Avec son style romantique et suave, Max gagne le surnom “Romeo”. Le lovers rock coule dans sa voix… mais il veut voler de ses propres ailes.

🔥 Wet Dream : provocation planétaire

En 1969, il sort Wet Dream, un titre audacieux produit par Bunny Lee. Grivois mais entraînant, le morceau est censuré par la BBC… ce qui ne l’empêche pas d’entrer dans le Top 10 UK !

Max Romeo devient une star internationale, malgré (ou grâce à) la provocation. Le reggae sort de l’île… et lui aussi.

✊🏾 L’Éveil Militant et Spirituel

🛐 Le rastafarisme comme boussole

Dans les années 70, Max Romeo change de cap. Il s’ancre dans le mouvement rastafari, qui influence profondément ses textes et sa vision du monde.

Il fonde son label Romax, lance un sound system et enchaîne des morceaux aux messages puissants : Macabee Version, No Peace, Warning Warning.

Sa musique devient un canal spirituel et politique, à la fois ancrée et prophétique.

🗳 La politique en musique

Max Romeo ne se contente pas de chanter l’amour — il chante aussi la lutte. En 1972, il soutient le PNP (People’s National Party) de Michael Manley avec Let the Power Fall on I, devenu un hymne de campagne.

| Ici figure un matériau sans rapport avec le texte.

lemma densely_uniformly_li_yorke_chaotic_M: "densely_uniformly_li_yorke_chaotic N X T"
  unfolding densely_uniformly_li_yorke_chaotic_def
  by (intro exI[of _ M] conjI dense_M uncountable_combinations[OF gen_nonzero]
      uniformly_li_yorke_scrambled_M)

end

context weighted_shift
begin

lemma exists_block_sequence:
  assumes small: "\<And>e. 0 < e \<Longrightarrow> \<exists>\<^sub>F n in sequentially. wprod w 0 n < e"
    and large: "\<And>H. \<exists>b n. H < wprod w b n"
  shows "\<exists>p q b. \<forall>k.
    (\<forall>c. \<bar>c\<bar> \<le> int k \<longrightarrow> wprod w c (p k) \<le> 1 / (real k + 1)^2) \<and>
    (real k + 1) ^ (k + 1) * 2 ^ (k + 1) * B ^ p k \<le> wprod w (b k) (q k) \<and>
    p k < p (Suc k) \<and> \<bar>b k\<bar> < \<bar>b (Suc k)\<bar> \<and>
    (\<forall>c. \<bar>c\<bar> \<le> \<bar>b k\<bar> \<longrightarrow> wprod w c (p (Suc k)) \<le> 1 / (real (Suc k) + 1)^2)"
proof -
  define P where "P k s \<longleftrightarrow> (case s of (p, q, b) \<Rightarrow>
      (\<forall>c. \<bar>c\<bar> \<le> int k \<longrightarrow> wprod w c p \<le> 1 / (real k + 1)^2) \<and>
      (real k + 1) ^ (k + 1) * 2 ^ (k + 1) * B ^ p \<le> wprod w b q)"
    for k and s :: "nat \<times> nat \<times> int"
  define Q where "Q k s s' \<longleftrightarrow> (case s of (p, q, b) \<Rightarrow> case s' of (p', q', b') \<Rightarrow>
      p < p' \<and> \<bar>b\<bar> < \<bar>b'\<bar> \<and> (\<forall>c. \<bar>c\<bar> \<le> \<bar>b\<bar> \<longrightarrow> wprod w c p' \<le> 1 / (real (Suc k) + 1)^2))"
    for k and s s' :: "nat \<times> nat \<times> int"
  have "\<exists>f. \<forall>k. P k (f k) \<and> Q k (f k) (f (Suc k))"
  proof (rule dependent_nat_choice)
    obtain p q b where "\<forall>c. \<bar>c\<bar> \<le> 0 \<longrightarrow> wprod w c p \<le> 1 / (real 0 + 1)^2"
      "(real 0 + 1) ^ (0 + 1) * 2 ^ (0 + 1) * B ^ p \<le> wprod w b q"
      using exists_small_and_large_wprod[OF small large, where p_min = 0 and R = 0
          and e = "1 / (real 0 + 1)^2" and H = "(real 0 + 1) ^ (0 + 1) * 2 ^ (0 + 1)"] by auto
    then show "\<exists>s. P 0 s" by (intro exI[of _ "(p, q, b)"]) (simp add: P_def)
  next
    fix s k assume "P k s"
    obtain p q b where s: "s = (p, q, b)" by (cases s)
    let ?R = "max \<bar>b\<bar> (int (Suc k))"
    obtain p' q' b' where "p < p'" "?R < \<bar>b'\<bar>"
      "\<forall>c. \<bar>c\<bar> \<le> ?R \<longrightarrow> wprod w c p' \<le> 1 / (real (Suc k) + 1)^2"
      "(real (Suc k) + 1) ^ (Suc k + 1) * 2 ^ (Suc k + 1) * B ^ p' \<le> wprod w b' q'"
      using exists_small_and_large_wprod[OF small large, where p_min = p and R = ?R
          and e = "1 / (real (Suc k) + 1)^2" and H = "(real (Suc k) + 1) ^ (Suc k + 1) * 2 ^ (Suc k + 1)"]
      by auto
    then show "\<exists>s'. P (Suc k) s' \<and> Q k s s'"
      by (intro exI[of _ "(p', q', b')"]) (auto simp: P_def Q_def s)
  qed
  then obtain f where f: "\<And>k. P k (f k)" "\<And>k. Q k (f k) (f (Suc k))" by blast
  define p where "p k = fst (f k)" for k
  define q where "q k = fst (snd (f k))" for k
  define b where "b k = snd (snd (f k))" for k
  have fk: "f k = (p k, q k, b k)" for k by (simp add: p_def q_def b_def)
  show ?thesis
  proof (rule exI[of _ p], rule exI[of _ q], rule exI[of _ b], rule allI)
    fix k
    show "(\<forall>c. \<bar>c\<bar> \<le> int k \<longrightarrow> wprod w c (p k) \<le> 1 / (real k + 1)^2) \<and>
      (real k + 1) ^ (k + 1) * 2 ^ (k + 1) * B ^ p k \<le> wprod w (b k) (q k) \<and>
      p k < p (Suc k) \<and> \<bar>b k\<bar> < \<bar>b (Suc k)\<bar> \<and>
      (\<forall>c. \<bar>c\<bar> \<le> \<bar>b k\<bar> \<longrightarrow> wprod w c (p (Suc k)) \<le> 1 / (real (Suc k) + 1)^2)"
      using f(1)[of k] f(2)[of k] unfolding P_def Q_def fk by simp
  qed
qed
lemma raise_op_combination:
  "raise_op m w (\<lambda>c. \<Sum>l\<in>box w m. of_int (a l) * Delta m l c) =
   (\<lambda>c. \<Sum>l\<in>box w m. of_int (a l) * Delta (Suc m) (map Suc l) c)"
  unfolding raise_op_def
proof (rule the_equality)
  fix q assume "\<exists>b. (\<lambda>c. \<Sum>l\<in>box w m. of_int (a l) * Delta m l c) = (\<lambda>c. \<Sum>l\<in>box w m. of_int (b l) * Delta m l c) \<and>
      q = (\<lambda>c. \<Sum>l\<in>box w m. of_int (b l) * Delta (Suc m) (map Suc l) c)"
  then obtain b where b: "(\<lambda>c. \<Sum>l\<in>box w m. of_int (a l) * Delta m l c) = (\<lambda>c. \<Sum>l\<in>box w m. of_int (b l) * Delta m l c)"
    and q: "q = (\<lambda>c. \<Sum>l\<in>box w m. of_int (b l) * Delta (Suc m) (map Suc l) c)" by blast
  have "(\<Sum>l\<in>box w m. of_int (a l - b l) * Delta m l c) = 0" for c
    using fun_cong[OF b, of c] by (simp add: left_diff_distrib sum_subtractf)
  then have "(\<Sum>l\<in>box w m. of_int (a l - b l) * Delta (Suc m) (map Suc l) c) = 0" for c
    by (rule raised_combination_eq_0)
  then show "q = (\<lambda>c. \<Sum>l\<in>box w m. of_int (a l) * Delta (Suc m) (map Suc l) c)"
    unfolding q by (simp add: fun_eq_iff left_diff_distrib sum_subtractf)
qed blast

section \<open>Iterated raising\<close>

lemma raise_op_Delta:
  assumes "L \<in> box w m"
  shows "raise_op m w (Delta m L) = Delta (Suc m) (map Suc L)"
  using raise_op_combination[of m w "\<lambda>l. if l = L then 1 else 0"] assms
  by (simp add: if_distrib[of of_int] if_distrib[of "\<lambda>x. x * _"] finite_box cong: if_cong)

lemma raise_op_zero: "raise_op m w (\<lambda>c. 0) = (\<lambda>c. 0)"
  using raise_op_combination[of m w "\<lambda>l. 0"] by simp

lemma raise_iter_Delta:
  assumes "length lam = w" and "sorted_wrt (\<ge>) lam" and "\<forall>x\<in>set lam. x \<le> s"
  shows "raise_iter w s t (Delta s lam) = Delta (s + t) (map (\<lambda>x. x + t) lam)"
proof (induction t)
  case (Suc t)
  have "map (\<lambda>x. x + t) lam \<in> box w (s + t)"
    unfolding box_def using assms by (auto simp: sorted_wrt_map)
  then show ?case using Suc.IH raise_op_Delta by (simp add: comp_def)
qed simp

lemma raise_iter_zero: "raise_iter w s t (\<lambda>c. 0) = (\<lambda>c. 0)"
  by (induction t) (simp_all add: raise_op_zero)

lemma Delta_eq_0_if_hd_greater:
  assumes "lam \<noteq> []" and "m < hd lam"
  shows "Delta m lam c = 0"
proof -
  have "cval m c (int (lam ! 0) + int j) = 0" for j
    using assms by (simp add: cval_def hd_conv_nth)
  then have "(\<Prod>i = 0..<length lam. cval m c (int (lam ! i) + int (p i) - int i)) = 0" for p
    using assms by (intro prod_zero bexI[of _ 0]) auto
  then show ?thesis unfolding Delta_def det_mat_eq_sum by (intro sum.neutral) simp
qed

theorem mainTheorem6:
  fixes n k s :: nat and lam :: "nat list" and \<gamma> :: "nat \<Rightarrow> complex"
  assumes "s \<le> n" and "s \<le> k"
    and "length lam = k - s" and "sorted_wrt (\<ge>) lam"
    and "inj_on \<gamma> {1..n}"
  shows "raise_iter (k - s) s (n - s) (Delta s lam) (esym \<gamma> {1..n}) =
    (\<Sum>S | S \<subseteq> {1..n} \<and> card S = s.
       Delta s lam (esym \<gamma> S) * (\<Prod>i\<in>{1..n} - S. \<gamma> i ^ k)
       / (\<Prod>i\<in>{1..n} - S. \<Prod>j\<in>S. \<gamma> i - \<gamma> j))"
proof (cases "\<forall>x\<in>set lam. x \<le> s")
  case True
  then show ?thesis
    using raise_iter_Delta[OF assms(3,4) True, of "n - s"] assms
      Delta_esym_shift_expansion[of "{1..n}" s "n - s" \<gamma> k lam]
    by simp
next
  case False
  then have "lam \<noteq> []" and "s < hd lam"
    using assms(4) by (cases lam; auto)+
  then have "Delta s lam = (\<lambda>c. 0)" using Delta_eq_0_if_hd_greater by blast
  then show ?thesis by (simp add: raise_iter_zero)
qed

end
lemma compactification_eq_strict_topology:
  assumes gts: "gts X OpX CovX" and comp: "compactification (gts_top OpX) K f"
    and "Hausdorff_space (topology_generated_by (strict_Op K f X OpX))"
  shows "K = topology_generated_by (strict_Op K f X OpX)"
proof -
  have sub: "f ` X \<subseteq> topspace K"
    using gts comp by (rule compactification_image_subset)
  show ?thesis
    using comp assms(3) continuous_map_id_strict_topology[OF gts_space_open[OF gts] sub]
      topspace_strict_topology[OF gts_space_open[OF gts] sub]
    by (intro sym[OF compact_Hausdorff_coarser_eq]) (simp_all add: compactification_def)
qed

lemma cap2_strict_Cov_remainder:
  assumes gts: "gts X OpX CovX" and open_image: "openin K (f ` X)"
  defines "Y \<equiv> topspace K - f ` X"
  shows "cap2 (strict_Cov K f X OpX CovX) Y = Pow {A. openin (subtopology K Y) A}"
proof
  show "cap2 (strict_Cov K f X OpX CovX) Y \<subseteq> Pow {A. openin (subtopology K Y) A}"
    by (auto simp: cap2_def strict_Cov_def strict_Op_def openin_subtopology)
next
  show "Pow {A. openin (subtopology K Y) A} \<subseteq> cap2 (strict_Cov K f X OpX CovX) Y"
  proof
    fix \<A> assume "\<A> \<in> Pow {A. openin (subtopology K Y) A}"
    then have "\<forall>A\<in>\<A>. \<exists>W. openin K W \<and> A = W \<inter> Y"
      by (auto simp: openin_subtopology)
    then obtain W where W: "\<And>A. A \<in> \<A> \<Longrightarrow> openin K (W A) \<and> A = W A \<inter> Y"
      by metis
    \<comment> \<open>Adding the open set \<open>f ` X\<close> makes every preimage \<open>X\<close>, so the family is admissible by (A3).\<close>
    define \<V> where "\<V> = (\<lambda>A. W A \<union> f ` X) ` \<A>"
    have pre_X: "f -` V \<inter> X = X" if "V \<in> \<V>" for V
      using that by (auto simp: \<V>_def)
    have "\<V> \<subseteq> strict_Op K f X OpX"
    proof
      fix V assume "V \<in> \<V>"
      then have "openin K V" using W open_image by (auto simp: \<V>_def)
      then show "V \<in> strict_Op K f X OpX"
        using pre_X[OF \<open>V \<in> \<V>\<close>] gts_space_open[OF gts] by (simp add: strict_Op_def)
    qed
    moreover have "(\<lambda>V. f -` V \<inter> X) ` \<V> \<in> CovX"
    proof (rule gts_finite_Cov[OF gts])
      have "(\<lambda>V. f -` V \<inter> X) ` \<V> \<subseteq> {X}" using pre_X by auto
      then show "finite ((\<lambda>V. f -` V \<inter> X) ` \<V>)" by (rule finite_subset) simp
      show "(\<lambda>V. f -` V \<inter> X) ` \<V> \<subseteq> OpX" using pre_X gts_space_open[OF gts] by auto
    qed
    moreover have "\<A> = (\<lambda>V. Y \<inter> V) ` \<V>"
    proof -
      have "Y \<inter> (W A \<union> f ` X) = A" if "A \<in> \<A>" for A
        using W[OF that] by (auto simp: Y_def)
      then show ?thesis
        by (simp add: \<V>_def image_image cong: image_cong)
    qed
    ultimately show "\<A> \<in> cap2 (strict_Cov K f X OpX CovX) Y"
      unfolding cap2_def strict_Cov_def by blast
  qed
qed
lemma bij_betw_mult_mod:
  fixes a d :: nat
  assumes "coprime a d"
  shows "bij_betw (\<lambda>m. d*m mod a) {..<a} {..<a}"
proof -
  have "inj_on (\<lambda>m. d*m mod a) {..<a}"
  proof (rule inj_onI)
    fix m m' assume "m \<in> {..<a}" "m' \<in> {..<a}" "d*m mod a = d*m' mod a"
    then show "m = m'"
      using cong_mult_lcancel_nat[of d a m m'] assms by (simp add: cong_def coprime_commute)
  qed
  moreover have "(\<lambda>m. d*m mod a) ` {..<a} \<subseteq> {..<a}"
    by auto
  ultimately show ?thesis
    by (simp add: bij_betw_def endo_inj_surj)
qed

lemma sum_Nr_odd_progression:
  fixes f :: "nat \<Rightarrow> 'b::comm_monoid_add"
  assumes "coprime a d" "a dvd c" "c \<le> a*d"
  shows "(\<Sum>r<a. f (Nr a (map (\<lambda>i. c + (2*i+1)*d) [0..<k+1]) r))
    = (\<Sum>m<a. f (min_odd_parts k m * c + d*m))"
proof -
  let ?C = "map (\<lambda>i. c + (2*i+1)*d) [0..<k+1]"
  have "(\<Sum>r<a. f (Nr a ?C r)) = (\<Sum>m<a. f (Nr a ?C (d*m mod a)))"
    by (rule sum.reindex_bij_betw[OF bij_betw_mult_mod[OF assms(1)], symmetric])
  also have "\<dots> = (\<Sum>m<a. f (min_odd_parts k m * c + d*m))"
    using Nr_odd_progression[OF assms] by simp
  finally show ?thesis .
qed

lemma sum_lessThan_add:
  "(\<Sum>m<p+q. f m) = (\<Sum>m<p. f m) + (\<Sum>w<q. f (p+w))" for p q :: nat
  by (induction q) (simp_all add: add.assoc)

lemma sum_lessThan_mult:
  "(\<Sum>m<K*s. f m) = (\<Sum>j<s. \<Sum>w<K. f (K*j + w))" for K s :: nat
proof (induction s)
  case (Suc s)
  have "K * Suc s = K*s + K"
    by simp
  then show ?case
    using Suc by (simp only: sum_lessThan_add) simp
qed simp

Mais fidèle à lui-même, il ne tarde pas à critiquer le manque de résultats avec No Joshua No. Pour lui, la musique doit rester libre et lucide.

🔥 L’Apogée avec War Ina Babylon

🎛 Lee “Scratch” Perry & la magie du Black Ark

En 1976, Max Romeo s’associe avec le légendaire Lee « Scratch » Perry. Direction le Black Ark Studio, véritable laboratoire du reggae roots. Ensemble, ils signent War Ina Babylon, un album explosif sur fond de tensions sociales en Jamaïque.

C’est un tournant : Max pose une voix prophétique sur des riddims mystiques. L’album sort chez Island Records et ouvre les portes de l’Europe à son message conscient.

🚀 Chase the Devil : hymne planétaire

Parmi les pépites de l’album, Chase the Devil devient culte. Un texte mi-prière mi-sortilège, où Max annonce qu’il va “envoyer le diable dans l’espace”.

Le morceau sera samplé par The Prodigy dans Out of Space et Kanye West, qui l’utilise pour produire Lucifer de Jay-Z.

Un classique intergénérationnel, repris, remixé, vaporisé… et toujours aussi puissant.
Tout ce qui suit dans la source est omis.